The clearest way to see lexical scoping is to watch it at work. Below, f() uses a variable x it never defined, where does R find it? And what happens when we change x after defining f? This tiny example already contains two of the four rules we'll unpack below.

RFunction finds x in outer scope
x <- 10 f <- function() { # f never defines x, R walks outward to find it x + 1 } f() #> [1] 11 # Change x AFTER f was defined x <- 99 f() #> [1] 100

  

Two things happened. First, f() found x in the environment where it was defined (the global environment), that's the lexical part. Second, the value it found was 99, not the 10 that existed when f was written. R looked up x when we called f, not when we defined it. That timing rule is called dynamic lookup, and yes, "lexical" + "dynamic lookup" sounds like a contradiction, more on that in a minute.
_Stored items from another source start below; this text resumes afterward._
(* Let $r\ge 1$, $n\ge r+1$, and let $K$ be a pure $r$-dimensional simplicial complex on $n$ vertices that contains no subcomplex isomorphic to $\Delta_{r+2}^{r+1}$. Then $$\mathfrak{q}_{r-1}(K)\le rn-r^2+1,$$ with equality if and only if $|N^{\mathrm d}(F,u)|=r$ for every $F\in S_r(K)$ and every $u\in V(K)\setminus F$. Furthermore: (1) if $r=1$, equality holds if and only if $K$ is a complete bipartite graph (on all $n$ vertices); (2) if $r\ge 2$ is even, equality holds if and only if $K\cong {\sf T}_n^r$; (3) if $r\ge 3$ is odd, equality holds only if $K\cong{\sf T}_n^r$ or $K$ contains a subcomplex isomorphic to $\Diamond_{r+3}^{r+1}$.
   Context: A (finite abstract) simplicial complex $K$ on a finite vertex set $V(K)$ is a family of subsets of $V(K)$ closed under taking subsets and containing every singleton; it is on $n$ vertices if $|V(K)|=n$. An $i$-face is a member of cardinality $i+1$; $S_i(K)$ is the set of $i$-faces; facets are inclusion-maximal faces; $K$ is pure if all facets have the same dimension. A pure $1$-dimensional complex is identified with a graph without isolated vertices. For an $i$-face $F$, $d_K(F)$ is the number of $(i+1)$-faces containing $F$; two distinct $i$-faces are up-neighbors if their union is an $(i+1)$-face. The signless up Laplacian $Q_i^{\mathrm{up}}(K)$ is the operator on $\mathbb{R}^{S_i(K)}$ given by $(Q_i^{\mathrm{up}}(K)f)(F)=d_K(F)f(F)+\sum_{F'\text{ up-neighbor of }F}f(F')$, and $\mathfrak{q}_i(K)$ is its largest eigenvalue. For $F\in S_r(K)$ and $u\in V(K)\setminus F$, $N^{\mathrm d}(F,u)$ is the set of $r$-faces of $K$ of the form $G\cup\{u\}$ with $G\subset F$, $|G|=r$. $\Delta_{r+2}^{r+1}$ is the $r$-dimensional complex on $r+2$ vertices whose facets are all $(r+1)$-element subsets (the boundary of an $(r+1)$-simplex). The tented complex ${\sf T}_n^r$ is the pure $r$-dimensional complex on $[n]$ whose facets are the sets $\{n\}\cup F$ with $F$ an $r$-subset of $[n-1]$. The rhombic complex $\Diamond_{r+3}^{r+1}$ is the pure $r$-dimensional complex on $[r+3]$ whose facets are the sets $\{i\}\cup F$ with $i\in\{r+2,r+3\}$ and $F$ an $r$-subset of $[r+1]$. "Contains" / "isomorphic" refer to subcomplexes up to relabeling of vertices. *)

theory Defs
  imports Complex_Main
begin

definition simplicial_complex :: "'a set \<Rightarrow> 'a set set \<Rightarrow> bool" where
  "simplicial_complex V K \<longleftrightarrow> finite V \<and> K \<noteq> {} \<and> (\<forall>F\<in>K. F \<subseteq> V) \<and>
     (\<forall>F\<in>K. \<forall>G. G \<subseteq> F \<longrightarrow> G \<in> K) \<and> (\<forall>v\<in>V. {v} \<in> K)"

definition faces :: "'a set set \<Rightarrow> nat \<Rightarrow> 'a set set" where
  "faces K i = {F \<in> K. card F = i + 1}"

definition facet :: "'a set set \<Rightarrow> 'a set \<Rightarrow> bool" where
  "facet K F \<longleftrightarrow> F \<in> K \<and> \<not> (\<exists>G\<in>K. F \<subset> G)"

definition pure_dim :: "'a set set \<Rightarrow> nat \<Rightarrow> bool" where
  "pure_dim K r \<longleftrightarrow> (\<forall>F. facet K F \<longrightarrow> card F = r + 1)"

definition up_degree :: "'a set set \<Rightarrow> nat \<Rightarrow> 'a set \<Rightarrow> nat" where
  "up_degree K i F = card {G \<in> faces K (i + 1). F \<subseteq> G}"

definition up_neighbors :: "'a set set \<Rightarrow> nat \<Rightarrow> 'a set \<Rightarrow> 'a set \<Rightarrow> bool" where
  "up_neighbors K i F F' \<longleftrightarrow> F \<in> faces K i \<and> F' \<in> faces K i \<and> F \<noteq> F' \<and>
     F \<union> F' \<in> faces K (i + 1)"

definition signless_up_laplacian ::
  "'a set set \<Rightarrow> nat \<Rightarrow> ('a set \<Rightarrow> real) \<Rightarrow> 'a set \<Rightarrow> real" where
  "signless_up_laplacian K i f F =
     real (up_degree K i F) * f F + (\<Sum>F'\<in>{F'. up_neighbors K i F F'}. f F')"

definition is_eigenvalue_Qup :: "'a set set \<Rightarrow> nat \<Rightarrow> real \<Rightarrow> bool" where
  "is_eigenvalue_Qup K i mu \<longleftrightarrow> (\<exists>f. (\<forall>F. F \<notin> faces K i \<longrightarrow> f F = 0) \<and>
     (\<exists>F\<in>faces K i. f F \<noteq> 0) \<and>
     (\<forall>F\<in>faces K i. signless_up_laplacian K i f F = mu * f F))"

definition q_up :: "'a set set \<Rightarrow> nat \<Rightarrow> real" where
  "q_up K i = Max {mu. is_eigenvalue_Qup K i mu}"

definition N_d :: "'a set set \<Rightarrow> nat \<Rightarrow> 'a set \<Rightarrow> 'a \<Rightarrow> 'a set set" where
  "N_d K r F u = {H \<in> faces K r. \<exists>G. G \<subseteq> F \<and> card G = r \<and> H = G \<union> {u}}"

definition gen_complex :: "'a set set \<Rightarrow> 'a set set" where
  "gen_complex Fs = {G. \<exists>F\<in>Fs. G \<subseteq> F}"

definition Delta_bd :: "nat \<Rightarrow> nat set set" where
  "Delta_bd r = gen_complex {F. F \<subseteq> {1..r+2} \<and> card F = r + 1}"

definition tented :: "nat \<Rightarrow> nat \<Rightarrow> nat set set" where
  "tented n r = gen_complex {insert n F | F. F \<subseteq> {1..n-1} \<and> card F = r}"

definition rhombic :: "nat \<Rightarrow> nat set set" where
  "rhombic r = gen_complex {insert i F | i F. i \<in> {r+2, r+3} \<and> F \<subseteq> {1..r+1} \<and> card F = r}"

definition contains_copy :: "'a set set \<Rightarrow> nat set \<Rightarrow> nat set set \<Rightarrow> bool" where
  "contains_copy K VL L \<longleftrightarrow> (\<exists>\<phi>. inj_on \<phi> VL \<and> (\<forall>F\<in>L. \<phi> ` F \<in> K))"

definition isomorphic :: "'a set \<Rightarrow> 'a set set \<Rightarrow> nat set \<Rightarrow> nat set set \<Rightarrow> bool" where
  "isomorphic V K VL L \<longleftrightarrow> (\<exists>\<phi>. bij_betw \<phi> V VL \<and> (\<lambda>F. \<phi> ` F) ` K = L)"

definition complete_bipartite :: "'a set \<Rightarrow> 'a set set \<Rightarrow> bool" where
  "complete_bipartite V K \<longleftrightarrow> (\<exists>A B. A \<inter> B = {} \<and> A \<union> B = V \<and> A \<noteq> {} \<and> B \<noteq> {} \<and>
     faces K 1 = {{a, b} | a b. a \<in> A \<and> b \<in> B})"

end

theory Submission
  imports Defs "Jordan_Normal_Form.Spectral_Radius" "HOL-Combinatorics.Transposition"
begin

text \<open>
  The signless up Laplacian on \<open>(r-1)\<close>-faces factors as \<open>Q = B B\<^sup>T\<close> through the incidence
  matrix \<open>B\<close> of \<open>(r-1)\<close>-faces versus \<open>r\<close>-faces, so every eigenvalue of \<open>Q\<close> is bounded by the
  largest row sum of the nonnegative matrix \<open>B\<^sup>T B\<close>.  The row sum at an \<open>r\<close>-face \<open>F\<close> is
  \<open>(r + 1) + \<Sum>u\<notin>F. |N\<^sup>d(F, u)|\<close>, and without a copy of the boundary of an \<open>(r+1)\<close>-simplex
  every \<open>|N\<^sup>d(F, u)|\<close> is at most \<open>r\<close>; this is the bound.  In the equality case the maximum of
  \<open>|B\<^sup>T f|\<close> spreads to all \<open>r\<close>-faces, so every row sum is extremal, i.e. every outside vertex
  \<open>u\<close> has exactly one blocker in \<open>F\<close>; conversely then the degree function is an eigenvector.

  The extremal complexes are analysed through two vertices \<open>x, y\<close> outside an \<open>r\<close>-face \<open>E\<close>
  with distinct blockers \<open>a, b\<close>: the faces of \<open>E \<union> {x, y}\<close> then contain a rhombic complex,
  and the non-faces among \<open>(E \<union> {x, y}) - {w, t}\<close> pair off the \<open>r - 1\<close> vertices of
  \<open>E - {a, b}\<close>, so \<open>r\<close> is odd.  Without such a pair the blocker of an outside vertex does not
  depend on the vertex, and exchanging vertices propagates a common apex to all \<open>r\<close>-faces: the
  complex is tented.  For \<open>r = 1\<close> the blocker condition describes complete bipartite graphs.
\<close>

section \<open>Eigenvalues of symmetric kernels\<close>

definition eigenvalues_on :: "'x set \<Rightarrow> ('x \<Rightarrow> 'x \<Rightarrow> real) \<Rightarrow> real set" where
  "eigenvalues_on S M = {\<mu>. \<exists>f. (\<forall>x. x \<notin> S \<longrightarrow> f x = 0) \<and> (\<exists>x\<in>S. f x \<noteq> 0) \<and>
     (\<forall>x\<in>S. (\<Sum>y\<in>S. M x y * f y) = \<mu> * f x)}"

lemma eigenvalues_on_cong:
  assumes "\<And>x y. x \<in> S \<Longrightarrow> y \<in> S \<Longrightarrow> M x y = M' x y"
  shows "eigenvalues_on S M = eigenvalues_on S M'"
proof -
  have "(\<Sum>y\<in>S. M x y * f y) = (\<Sum>y\<in>S. M' x y * f y)" if "x \<in> S" for x f
    using assms that by (intro sum.cong) auto
  thus ?thesis unfolding eigenvalues_on_def by (simp cong: ball_cong_simp)
qed

lemma eigenvalues_on_reindex:
  assumes h: "bij_betw h T S"
  shows "eigenvalues_on S M \<subseteq> eigenvalues_on T (\<lambda>i j. M (h i) (h j))"
proof
  fix \<mu> assume "\<mu> \<in> eigenvalues_on S M"
  then obtain f where f0: "\<exists>x\<in>S. f x \<noteq> 0" and f: "\<forall>x\<in>S. (\<Sum>y\<in>S. M x y * f y) = \<mu> * f x"
    unfolding eigenvalues_on_def by blast
  define v where "v i = (if i \<in> T then f (h i) else 0)" for i
  have hS: "h i \<in> S" if "i \<in> T" for i using h that by (auto simp: bij_betw_def)
  have "\<exists>i\<in>T. v i \<noteq> 0"
  proof -
    obtain x where "x \<in> S" "f x \<noteq> 0" using f0 by blast
    moreover obtain i where "i \<in> T" "h i = x" using h \<open>x \<in> S\<close> unfolding bij_betw_def by blast
    ultimately show ?thesis unfolding v_def by auto
  qed
  moreover have "\<forall>i\<in>T. (\<Sum>j\<in>T. M (h i) (h j) * v j) = \<mu> * v i"
  proof
    fix i assume i: "i \<in> T"
    have "(\<Sum>j\<in>T. M (h i) (h j) * v j) = (\<Sum>j\<in>T. M (h i) (h j) * f (h j))"
      unfolding v_def by (intro sum.cong) auto
    also have "\<dots> = (\<Sum>y\<in>S. M (h i) y * f y)" by (rule sum.reindex_bij_betw[OF h])
    also have "\<dots> = \<mu> * v i" using f hS[OF i] i by (simp add: v_def)
    finally show "(\<Sum>j\<in>T. M (h i) (h j) * v j) = \<mu> * v i" .
  qed
  moreover have "\<forall>i. i \<notin> T \<longrightarrow> v i = 0" by (simp add: v_def)
  ultimately show "\<mu> \<in> eigenvalues_on T (\<lambda>i j. M (h i) (h j))"
    unfolding eigenvalues_on_def by blast
qed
The word "lexical" comes from the Greek lexis, meaning "word." A lexically scoped language decides where to look for a name based on the textual location of the code, where the characters that make up the function literally live in the source file.

Key Insight
Lexical scoping decides where to look; dynamic lookup decides when. R combines both: where is fixed by your source code, when is the moment you call the function. Every surprise covered in this post is a consequence of that split.

Try it: Write a function ex_times_k that multiplies its input by an outer variable k. Prove lexical scoping by changing k between calls and observing the return value.

RTry it: Multiply n by captured k
# Try it: define k and ex_times_k k <- 3 ex_times_k <- function(n) { # your code here } ex_times_k(5) #> Expected: 15 k <- 10 ex_times_k(5) #> Expected: 50

  
Click to reveal solution
RCaptured k multiplier solution
k <- 3 ex_times_k <- function(n) { n * k } ex_times_k(5) #> [1] 15 k <- 10 ex_times_k(5) #> [1] 50

  

Explanation: ex_times_k never defines k, so R resolves it in the global environment where ex_times_k was defined. Because lookup happens at call time, the second call sees the updated k.

How does R walk environments to find a variable?

When R resolves a name, it doesn't just check one place. It walks a chain of environments, stopping at the first hit or throwing object not found if it reaches the end.

The chain starts in the function's own environment (its local variables), jumps to the enclosing environment (where the function was defined, usually the global env for top-level functions), then to that environment's parent, and so on through every attached package until it reaches base R.

How R walks the environment chain when resolving a name.

Figure 1: How R walks the environment chain when resolving a name.

Nested functions make the walk visible. Below, inner() has no local z, and its enclosing environment (inside outer()) has no z either. R keeps walking until it reaches the global env.

RInner function reaches global z
outer <- function() { y <- 2 inner <- function() { # z isn't local, isn't in outer(), R keeps walking y + z } inner() } z <- 100 outer() #> [1] 102

  

inner() found y in its enclosing env (outer's body) and z all the way up in the global env. It didn't stop at outer() and give up; it kept going.

After the global env, R continues through whatever packages are attached. The built-in search() function shows that path in order.

RInspect the search path
search() #> [1] ".GlobalEnv" "tools:rstudio" "package:stats" #> [4] "package:graphics" "package:grDevices" "package:utils" #> [7] "package:datasets" "package:methods" "Autoloads" #> [10] "package:base"

  

That's why mean() just works without a library() call. Base R sits at the end of the search path, and mean lives there. Your exact output depends on which packages are attached in your session.

Note
The search path is a runtime property, not a language feature. Loading a package with library() inserts it between .GlobalEnv and the previously-loaded packages, so the order changes every time you attach something new.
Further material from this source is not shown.